**WHAT NEEDS TO BE DONE**
From the first line onward, reproduce the records exactly; the final line to include is the one holding "analytic manifold. *)".

★ ★ ★ ★ ★

(* Let $C$ be a nonsingular affine curve over $\mathbb{R}$ with $C(\mathbb{R})$ compact and non-empty. Let $P_1,\dots,P_r\in C(\mathbb{R})$ and let $A=A(P_1,\dots,P_r)$ be the ring of all continuous functions $C(\mathbb{R})\to\mathbb{R}$ that are real analytic in suitable neighborhoods of $P_1,\dots,P_r$. Let $\varphi,\psi\in A$ be such that $\psi-\varphi$ is nonnegative on $C(\mathbb{R})$ and vanishes at most in $P_1,\dots,P_r$. Then there exists a regular function $p\in\mathbb{R}[C]$ with $\varphi\le p\le\psi$ on $C(\mathbb{R})$.
   Context: $C(\mathbb{R})$ carries its natural structure of a one-dimensional real analytic manifold. *)

theory Defs
  imports "HOL-Analysis.Analysis"
begin

text \<open>Real polynomial functions in the variables x_i (i :: 'n), viewed as
functions on complex affine space complex^'n (real coefficients).  Since the
base field is infinite, this ring is the polynomial ring R[x_i | i :: 'n].\<close>

inductive_set rpoly :: "(complex^'n \<Rightarrow> complex) set" where
  const: "(\<lambda>z. complex_of_real c) \<in> rpoly"
| var: "(\<lambda>z. z $ i) \<in> rpoly"
| add: "f \<in> rpoly \<Longrightarrow> g \<in> rpoly \<Longrightarrow> (\<lambda>z. f z + g z) \<in> rpoly"
| mult: "f \<in> rpoly \<Longrightarrow> g \<in> rpoly \<Longrightarrow> (\<lambda>z. f z * g z) \<in> rpoly"

definition poly_ideal :: "(complex^'n \<Rightarrow> complex) set \<Rightarrow> bool" where
  "poly_ideal I \<longleftrightarrow> I \<subseteq> rpoly \<and> (\<lambda>z. 0) \<in> I \<and>
     (\<forall>f\<in>I. \<forall>g\<in>I. (\<lambda>z. f z + g z) \<in> I) \<and>
     (\<forall>f\<in>I. \<forall>g\<in>rpoly. (\<lambda>z. g z * f z) \<in> I)"

definition prime_poly_ideal :: "(complex^'n \<Rightarrow> complex) set \<Rightarrow> bool" where
  "prime_poly_ideal I \<longleftrightarrow> poly_ideal I \<and> I \<noteq> rpoly \<and>
     (\<forall>f\<in>rpoly. \<forall>g\<in>rpoly. (\<lambda>z. f z * g z) \<in> I \<longrightarrow> f \<in> I \<or> g \<in> I)"

definition krull_dim_one :: "(complex^'n \<Rightarrow> complex) set \<Rightarrow> bool" where
  "krull_dim_one I \<longleftrightarrow>
     (\<exists>Q. prime_poly_ideal Q \<and> I \<subset> Q) \<and>
     \<not> (\<exists>Q0 Q1 Q2. prime_poly_ideal Q0 \<and> prime_poly_ideal Q1 \<and> prime_poly_ideal Q2 \<and>
          I \<subseteq> Q0 \<and> Q0 \<subset> Q1 \<and> Q1 \<subset> Q2)"

definition cvar :: "(complex^'n \<Rightarrow> complex) set \<Rightarrow> (complex^'n) set" where
  "cvar I = {z. \<forall>f\<in>I. f z = 0}"

definition pdiff :: "(complex^'n \<Rightarrow> complex) \<Rightarrow> 'n \<Rightarrow> complex^'n \<Rightarrow> complex" where
  "pdiff f i z = deriv (\<lambda>w. f (\<chi> j. if j = i then w else z $ j)) (z $ i)"

definition grad :: "(complex^'n \<Rightarrow> complex) \<Rightarrow> complex^'n \<Rightarrow> complex^'n" where
  "grad f z = (\<chi> i. pdiff f i z)"

text \<open>Nonsingular affine curve over R given by its (prime) ideal I in R[x]:
I prime of Krull dimension one, and at every (complex) point of the variety
the Jacobian matrix of I has rank n - 1 (Jacobian criterion).\<close>
definition nonsingular_affine_curve :: "(complex^'n \<Rightarrow> complex) set \<Rightarrow> bool" where
  "nonsingular_affine_curve I \<longleftrightarrow> prime_poly_ideal I \<and> krull_dim_one I \<and>
     (\<forall>z\<in>cvar I. vec.dim {grad f z | f. f \<in> I} = CARD('n) - 1)"

definition cmap :: "real^'n \<Rightarrow> complex^'n" where
  "cmap x = (\<chi> i. complex_of_real (x $ i))"

definition real_points :: "(complex^'n \<Rightarrow> complex) set \<Rightarrow> (real^'n) set" where
  "real_points I = {x. \<forall>f\<in>I. f (cmap x) = 0}"

text \<open>Regular functions R[C] = R[x]/I, as functions on C(R).\<close>
definition regular_fun :: "(complex^'n \<Rightarrow> complex) set \<Rightarrow> (real^'n \<Rightarrow> real) \<Rightarrow> bool" where
  "regular_fun I p \<longleftrightarrow> (\<exists>q\<in>rpoly. \<forall>x\<in>real_points I. p x = Re (q (cmap x)))"

definition real_analytic_on :: "(real \<Rightarrow> real) \<Rightarrow> real set \<Rightarrow> bool" where
  "real_analytic_on f S \<longleftrightarrow> (\<forall>t\<in>S. \<exists>d>0. \<exists>a::nat \<Rightarrow> real.
      \<forall>s. \<bar>s - t\<bar> < d \<longrightarrow> (\<lambda>k. a k * (s - t) ^ k) sums f s)"
(* Let $\{\Gamma_\sigma\}_{\sigma\in[0,S]},\{\hat\Gamma_\sigma\}_{\sigma\in[0,S]}\subseteq\mathcal R^{0,1}_\eta$ be two families parametrized by arc length. Let $f\in L^2(\Omega;\mathbb R^2)$, $g\in L^2(\partial_S\Omega;\mathbb R^2)$, $w\in H^1(\Omega\setminus\Gamma_0;\mathbb R^2)$ (supported in $\{\mathrm{dist}(x,\partial\Omega)\le\eta\}$), and $\mathbb C$ an admissible elasticity tensor. Let $s\in(0,S)$ and assume $\Gamma_\sigma=\hat\Gamma_\sigma$ for all $\sigma\le s$. Then $$\frac{d\mathcal E(\Gamma_\sigma)}{d\sigma}\Big|_{\sigma=s}=\frac{d\mathcal E(\hat\Gamma_\sigma)}{d\sigma}\Big|_{\sigma=s}.$$
   Context: Let $\Omega\subset\mathbb R^2$ be a bounded connected open set with Lipschitz boundary and fix $\eta>0$. $\mathcal R^0_\eta$ is the class of closed sets $\Gamma\subseteq\overline\Omega$ such that: (a) $\Gamma$ is a union of finitely many arcs of $C^{1,1}$ curves, each meeting $\partial\Omega$ in at most one endpoint; (b) $\mathcal H^1(\Gamma\cap\Omega)>0$ and $\Omega\setminus\Gamma$ is a connected open set which is a finite union of Lipschitz domains; (c) for every $x\in\Gamma$ there are open balls $B^1,B^2$ of radius $\eta$ with $\overline{B^1}\cap\overline{B^2}=\{x\}$ and $(B^1\cup B^2)\cap\Gamma=\emptyset$. $\mathcal R^{0,1}_\eta$ is the set of $\Gamma\in\mathcal R^0_\eta$ consisting of a single $C^{1,1}$ arc meeting $\partial\Omega$ in exactly one endpoint; $\Gamma_0$ is a fixed initial crack. A family $\{\Gamma_\sigma\}\subseteq\mathcal R^{0,1}_\eta$ is parametrized by arc length if $\Gamma_\sigma=\{\gamma(\tau):0\le\tau\le\sigma\}$ for a fixed injective $C^{1,1}$ arc-length map $\gamma$ with $\gamma(0)\in\partial\Omega$. Elasticity: $\partial_D\Omega$ is a nonempty relatively open subset of $\partial\Omega$ with finitely many components; $\partial_S\Omega$ relatively open with $\partial_S\Omega\Subset\partial\Omega\setminus\overline{\partial_D\Omega}$. Admissible elasticity tensor: $\mathbb C(x)A=\lambda(x)\mathrm{tr}(A)\mathbf I+2\mu(x)A$, $\lambda,\mu\in C^{0,1}(\overline\Omega)$, $\mu>0$, $\lambda+\mu>0$. $\mathrm Ev=\frac12(\nabla v+\nabla v^T)$. $\mathcal E(\Gamma)=\mathcal E(f,g,w,\mathbb C;\Gamma)$ is the minimum of $\frac12\int_{\Omega\setminus\Gamma}\mathbb C\mathrm Ev:\mathrm Ev-\int_{\Omega\setminus\Gamma}f\cdot v-\int_{\partial_S\Omega}g\cdot v\,d\mathcal H^1$ over $v\in H^1(\Omega\setminus\Gamma;\mathbb R^2)$ with $v=w$ on $\partial_D\Omega$; the map $\sigma\mapsto\mathcal E(\Gamma_\sigma)$ is differentiable. *)

theory Defs
  imports "HOL-Analysis.Analysis"
begin

type_synonym pt = "real^2"

definition hausdorff1_outer :: "pt set \<Rightarrow> ennreal" where
  "hausdorff1_outer A =
     (SUP \<delta>\<in>{0<..}. INF C\<in>{C::nat \<Rightarrow> pt set. A \<subseteq> (\<Union>i. C i) \<and>
          (\<forall>i. bounded (C i) \<and> diameter (C i) \<le> \<delta>)}. (\<Sum>i. ennreal (diameter (C i))))"

definition hausdorff1 :: "pt measure" where
  "hausdorff1 = measure_of UNIV (sets borel) hausdorff1_outer"

definition lipschitz_domain :: "pt set \<Rightarrow> bool" where
  "lipschitz_domain U \<longleftrightarrow> open U \<and> bounded U \<and> connected U \<and> U \<noteq> {} \<and>
    (\<forall>x\<in>frontier U. \<exists>e1 e2 a b \<phi> L.
        norm e1 = 1 \<and> norm e2 = 1 \<and> e1 \<bullet> e2 = 0 \<and> a > 0 \<and> b > 0 \<and>
        L-lipschitz_on {-a<..<a} \<phi> \<and> \<phi> 0 = 0 \<and> (\<forall>t\<in>{-a<..<a}. \<bar>\<phi> t\<bar> < b) \<and>
        U \<inter> {x + t *\<^sub>R e1 + s *\<^sub>R e2 | t s. \<bar>t\<bar> < a \<and> \<bar>s\<bar> < b}
          = {x + t *\<^sub>R e1 + s *\<^sub>R e2 | t s. \<bar>t\<bar> < a \<and> \<bar>s\<bar> < b \<and> s < \<phi> t})"

definition c11_param :: "(real \<Rightarrow> pt) \<Rightarrow> real \<Rightarrow> real \<Rightarrow> bool" where
  "c11_param c a b \<longleftrightarrow> a < b \<and> inj_on c {a..b} \<and>
    (\<exists>c' L. (\<forall>t\<in>{a..b}. (c has_vector_derivative c' t) (at t within {a..b}) \<and> c' t \<noteq> 0) \<and>
            L-lipschitz_on {a..b} c')"

definition R0 :: "pt set \<Rightarrow> real \<Rightarrow> pt set \<Rightarrow> bool" where
  "R0 \<Omega> \<eta> \<Gamma> \<longleftrightarrow> closed \<Gamma> \<and> \<Gamma> \<subseteq> closure \<Omega> \<and>
    (\<exists>P::((real \<Rightarrow> pt) \<times> real \<times> real) set. finite P \<and>
        \<Gamma> = (\<Union>(c,a,b)\<in>P. c ` {a..b}) \<and>
        (\<forall>(c,a,b)\<in>P. c11_param c a b \<and>
            (c ` {a..b} \<inter> frontier \<Omega> \<subseteq> {c a} \<or> c ` {a..b} \<inter> frontier \<Omega> \<subseteq> {c b}))) \<and>
    hausdorff1_outer (\<Gamma> \<inter> \<Omega>) > 0 \<and>
    open (\<Omega> - \<Gamma>) \<and> connected (\<Omega> - \<Gamma>) \<and>
    (\<exists>F. finite F \<and> (\<forall>U\<in>F. lipschitz_domain U) \<and> \<Union>F = \<Omega> - \<Gamma>) \<and>
    (\<forall>x\<in>\<Gamma>. \<exists>y1 y2. cball y1 \<eta> \<inter> cball y2 \<eta> = {x} \<and> (ball y1 \<eta> \<union> ball y2 \<eta>) \<inter> \<Gamma> = {})"

definition R01 :: "pt set \<Rightarrow> real \<Rightarrow> pt set \<Rightarrow> bool" where
  "R01 \<Omega> \<eta> \<Gamma> \<longleftrightarrow> R0 \<Omega> \<eta> \<Gamma> \<and>
    (\<exists>c a b. c11_param c a b \<and> \<Gamma> = c ` {a..b} \<and>
        (\<Gamma> \<inter> frontier \<Omega> = {c a} \<or> \<Gamma> \<inter> frontier \<Omega> = {c b}))"

definition arclen_family :: "pt set \<Rightarrow> real \<Rightarrow> (real \<Rightarrow> pt set) \<Rightarrow> bool" where
  "arclen_family \<Omega> S \<Gamma> \<longleftrightarrow> (\<exists>\<gamma> \<gamma>' L. inj_on \<gamma> {0..S} \<and> \<gamma> 0 \<in> frontier \<Omega> \<and>
     (\<forall>t\<in>{0..S}. (\<gamma> has_vector_derivative \<gamma>' t) (at t within {0..S}) \<and> norm (\<gamma>' t) = 1) \<and>
     L-lipschitz_on {0..S} \<gamma>' \<and>
     (\<forall>\<sigma>\<in>{0..S}. \<Gamma> \<sigma> = \<gamma> ` {0..\<sigma>}))"

definition boundary_parts :: "pt set \<Rightarrow> pt set \<Rightarrow> pt set \<Rightarrow> bool" where
  "boundary_parts \<Omega> \<Gamma>D \<Gamma>S \<longleftrightarrow>
     \<Gamma>D \<noteq> {} \<and> openin (top_of_set (frontier \<Omega>)) \<Gamma>D \<and> finite (components \<Gamma>D) \<and>
     openin (top_of_set (frontier \<Omega>)) \<Gamma>S \<and> compact (closure \<Gamma>S) \<and>
     closure \<Gamma>S \<subseteq> frontier \<Omega> - closure \<Gamma>D"

definition admissible_tensor :: "pt set \<Rightarrow> (pt \<Rightarrow> real) \<Rightarrow> (pt \<Rightarrow> real) \<Rightarrow> bool" where
  "admissible_tensor \<Omega> lam mu \<longleftrightarrow>
     (\<exists>L. L-lipschitz_on (closure \<Omega>) lam) \<and> (\<exists>L. L-lipschitz_on (closure \<Omega>) mu) \<and>
     (\<forall>x\<in>closure \<Omega>. mu x > 0 \<and> lam x + mu x > 0)"

definition elast :: "(pt \<Rightarrow> real) \<Rightarrow> (pt \<Rightarrow> real) \<Rightarrow> pt \<Rightarrow> real^2^2 \<Rightarrow> real^2^2" where
  "elast lam mu x A = (lam x * trace A) *\<^sub>R mat 1 + (2 * mu x) *\<^sub>R A"

definition sym_part :: "real^2^2 \<Rightarrow> real^2^2" where
  "sym_part A = (1/2) *\<^sub>R (A + transpose A)"

definition test_fun :: "pt set \<Rightarrow> (pt \<Rightarrow> real) \<Rightarrow> (pt \<Rightarrow> pt \<Rightarrow> real) \<Rightarrow> bool" where
  "test_fun U \<phi> D\<phi> \<longleftrightarrow> (\<forall>x. (\<phi> has_derivative D\<phi> x) (at x)) \<and>
     (\<forall>j. continuous_on UNIV (\<lambda>x. D\<phi> x (axis j 1))) \<and>
     compact (closure {x. \<phi> x \<noteq> 0}) \<and> closure {x. \<phi> x \<noteq> 0} \<subseteq> U"

text \<open>\<open>v \<in> H^1(U;\<real>^2)\<close> with weak gradient G, \<open>G x $ i $ j = \<partial>_j v_i\<close>.\<close>
definition H1 :: "pt set \<Rightarrow> (pt \<Rightarrow> real^2) \<Rightarrow> (pt \<Rightarrow> real^2^2) \<Rightarrow> bool" where
  "H1 U v G \<longleftrightarrow> v \<in> borel_measurable lebesgue \<and> G \<in> borel_measurable lebesgue \<and>
     set_integrable lebesgue U (\<lambda>x. (norm (v x))\<^sup>2) \<and>
     set_integrable lebesgue U (\<lambda>x. (norm (G x))\<^sup>2) \<and>
     (\<forall>\<phi> D\<phi>. test_fun U \<phi> D\<phi> \<longrightarrow> (\<forall>i j.
        (LINT x:U|lebesgue. v x $ i * D\<phi> x (axis j 1)) = - (LINT x:U|lebesgue. G x $ i $ j * \<phi> x)))"

text \<open>Boundary trace via averages over \<open>B(x,r) \<inter> U\<close>.\<close>
definition bavg :: "pt set \<Rightarrow> (pt \<Rightarrow> real^2) \<Rightarrow> pt \<Rightarrow> real \<Rightarrow> real^2" where
  "bavg U v x r = (1 / measure lebesgue (ball x r \<inter> U)) *\<^sub>R (LINT y:ball x r \<inter> U|lebesgue. v y)"

definition has_trace :: "pt set \<Rightarrow> (pt \<Rightarrow> real^2) \<Rightarrow> pt \<Rightarrow> real^2 \<Rightarrow> bool" where
  "has_trace U v x t \<longleftrightarrow> (bavg U v x \<longlongrightarrow> t) (at_right 0)"

definition bdry_trace :: "pt set \<Rightarrow> (pt \<Rightarrow> real^2) \<Rightarrow> pt \<Rightarrow> real^2" where
  "bdry_trace U v x = Lim (at_right 0) (bavg U v x)"

definition admissible_disp ::
  "pt set \<Rightarrow> pt set \<Rightarrow> pt set \<Rightarrow> (pt \<Rightarrow> real^2) \<Rightarrow> pt set \<Rightarrow> (pt \<Rightarrow> real^2) \<Rightarrow> (pt \<Rightarrow> real^2^2) \<Rightarrow> bool" where
  "admissible_disp \<Omega> \<Gamma>D \<Gamma>0 w \<Gamma> v G \<longleftrightarrow> H1 (\<Omega> - \<Gamma>) v G \<and>
     (AE x in hausdorff1. x \<in> \<Gamma>D \<longrightarrow> (\<exists>t. has_trace (\<Omega> - \<Gamma>) v x t \<and> has_trace (\<Omega> - \<Gamma>0) w x t))"

definition energy_functional ::
  "pt set \<Rightarrow> pt set \<Rightarrow> (pt \<Rightarrow> real) \<Rightarrow> (pt \<Rightarrow> real) \<Rightarrow> (pt \<Rightarrow> real^2) \<Rightarrow> (pt \<Rightarrow> real^2)
    \<Rightarrow> pt set \<Rightarrow> (pt \<Rightarrow> real^2) \<Rightarrow> (pt \<Rightarrow> real^2^2) \<Rightarrow> real" where
  "energy_functional \<Omega> \<Gamma>S lam mu f g \<Gamma> v G =
     (1/2) * (LINT x:\<Omega> - \<Gamma>|lebesgue. elast lam mu x (sym_part (G x)) \<bullet> sym_part (G x))
     - (LINT x:\<Omega> - \<Gamma>|lebesgue. f x \<bullet> v x)
     - (LINT x:\<Gamma>S|hausdorff1. g x \<bullet> bdry_trace (\<Omega> - \<Gamma>) v x)"

text \<open>\<open>\<E>(f,g,w,\<bbbC>;\<Gamma>)\<close>: the minimum (written as infimum) of the energy over admissible displacements.\<close>
definition energy ::
  "pt set \<Rightarrow> pt set \<Rightarrow> pt set \<Rightarrow> (pt \<Rightarrow> real) \<Rightarrow> (pt \<Rightarrow> real) \<Rightarrow> (pt \<Rightarrow> real^2) \<Rightarrow> (pt \<Rightarrow> real^2)
    \<Rightarrow> pt set \<Rightarrow> (pt \<Rightarrow> real^2) \<Rightarrow> pt set \<Rightarrow> real" where
  "energy \<Omega> \<Gamma>D \<Gamma>S lam mu f g \<Gamma>0 w \<Gamma> =
     Inf {energy_functional \<Omega> \<Gamma>S lam mu f g \<Gamma> v G | v G. admissible_disp \<Omega> \<Gamma>D \<Gamma>0 w \<Gamma> v G}"

end

theory Submission
  imports Defs
begin

text \<open>The energy depends on the crack only through the set \<open>\<Gamma>\<^sub>\<sigma>\<close>, so the two energy curves
  coincide on \<open>[0,s]\<close>. A derivative at an interior point is already determined by the
  one-sided limit of difference quotients from the left, hence both derivatives agree.\<close>

lemma deriv_eq_if_eq_on_left:
  fixes f g :: "real \<Rightarrow> real"
  assumes f: "f differentiable at x" and g: "g differentiable at x"
    and "a < x" and eq: "\<And>t. t \<in> {a..x} \<Longrightarrow> f t = g t"
  shows "deriv f x = deriv g x"
proof -
  have f_left: "(f has_real_derivative deriv f x) (at x within {a..x})"
    using f by (simp add: DERIV_deriv_iff_real_differentiable has_field_derivative_at_within)
  have g_left: "(g has_real_derivative deriv g x) (at x within {a..x})"
    using g by (simp add: DERIV_deriv_iff_real_differentiable has_field_derivative_at_within)
  have g_left': "(g has_real_derivative deriv f x) (at x within {a..x})"
  proof (rule has_field_derivative_transform_within[OF f_left])
    show "0 < x - a" "x \<in> {a..x}" using \<open>a < x\<close> by auto
  qed (use eq in auto)
  moreover have "at x within {a..x} \<noteq> bot"
    using \<open>a < x\<close> by (simp add: at_within_Icc_at_left)
  ultimately show ?thesis
    using g_left by (metis has_field_derivative_unique)
qed

theorem theorem3p6:
  fixes \<Omega> \<Gamma>D \<Gamma>S \<Gamma>0 :: "pt set" and \<eta> S s :: real
    and \<Gamma> \<Gamma>h :: "real \<Rightarrow> pt set"
    and f g w :: "pt \<Rightarrow> real^2" and lam mu :: "pt \<Rightarrow> real"
  assumes \<Omega>: "lipschitz_domain \<Omega>" and \<eta>: "\<eta> > 0"
    and bd: "boundary_parts \<Omega> \<Gamma>D \<Gamma>S"
    and C: "admissible_tensor \<Omega> lam mu"
    and \<Gamma>0: "R01 \<Omega> \<eta> \<Gamma>0"
    and fam1: "arclen_family \<Omega> S \<Gamma>" "\<forall>\<sigma>\<in>{0<..S}. R01 \<Omega> \<eta> (\<Gamma> \<sigma>)"
    and fam2: "arclen_family \<Omega> S \<Gamma>h" "\<forall>\<sigma>\<in>{0<..S}. R01 \<Omega> \<eta> (\<Gamma>h \<sigma>)"
    and f: "f \<in> borel_measurable lebesgue" "set_integrable lebesgue \<Omega> (\<lambda>x. (norm (f x))\<^sup>2)"
    and g: "g \<in> borel_measurable hausdorff1" "set_integrable hausdorff1 \<Gamma>S (\<lambda>x. (norm (g x))\<^sup>2)"
    and w: "\<exists>Gw. H1 (\<Omega> - \<Gamma>0) w Gw"
           "AE x in lebesgue. infdist x (frontier \<Omega>) > \<eta> \<longrightarrow> w x = 0"
    and diff1: "\<forall>\<sigma>\<in>{0<..<S}. (\<lambda>\<sigma>. energy \<Omega> \<Gamma>D \<Gamma>S lam mu f g \<Gamma>0 w (\<Gamma> \<sigma>)) differentiable (at \<sigma>)"
    and diff2: "\<forall>\<sigma>\<in>{0<..<S}. (\<lambda>\<sigma>. energy \<Omega> \<Gamma>D \<Gamma>S lam mu f g \<Gamma>0 w (\<Gamma>h \<sigma>)) differentiable (at \<sigma>)"
    and s: "s \<in> {0<..<S}"
    and eq: "\<forall>\<sigma>\<in>{0..s}. \<Gamma> \<sigma> = \<Gamma>h \<sigma>"
  shows "deriv (\<lambda>\<sigma>. energy \<Omega> \<Gamma>D \<Gamma>S lam mu f g \<Gamma>0 w (\<Gamma> \<sigma>)) s
       = deriv (\<lambda>\<sigma>. energy \<Omega> \<Gamma>D \<Gamma>S lam mu f g \<Gamma>0 w (\<Gamma>h \<sigma>)) s"
proof (rule deriv_eq_if_eq_on_left)
  show "(\<lambda>\<sigma>. energy \<Omega> \<Gamma>D \<Gamma>S lam mu f g \<Gamma>0 w (\<Gamma> \<sigma>)) differentiable at s"
    using diff1 s by blast
  show "(\<lambda>\<sigma>. energy \<Omega> \<Gamma>D \<Gamma>S lam mu f g \<Gamma>0 w (\<Gamma>h \<sigma>)) differentiable at s"
    using diff2 s by blast
  show "0 < s" using s by simp
qed (use eq in simp)

end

★ ★ ★ ★ ★

**RESPONSE TO THIS EXERCISE**
(* Let $C$ be a nonsingular affine curve over $\mathbb{R}$ with $C(\mathbb{R})$ compact and non-empty. Let $P_1,\dots,P_r\in C(\mathbb{R})$ and let $A=A(P_1,\dots,P_r)$ be the ring of all continuous functions $C(\mathbb{R})\to\mathbb{R}$ that are real analytic in suitable neighborhoods of $P_1,\dots,P_r$. Let $\varphi,\psi\in A$ be such that $\psi-\varphi$ is nonnegative on $C(\mathbb{R})$ and vanishes at most in $P_1,\dots,P_r$. Then there exists a regular function $p\in\mathbb{R}[C]$ with $\varphi\le p\le\psi$ on $C(\mathbb{R})$.
   Context: $C(\mathbb{R})$ carries its natural structure of a one-dimensional real analytic manifold. *)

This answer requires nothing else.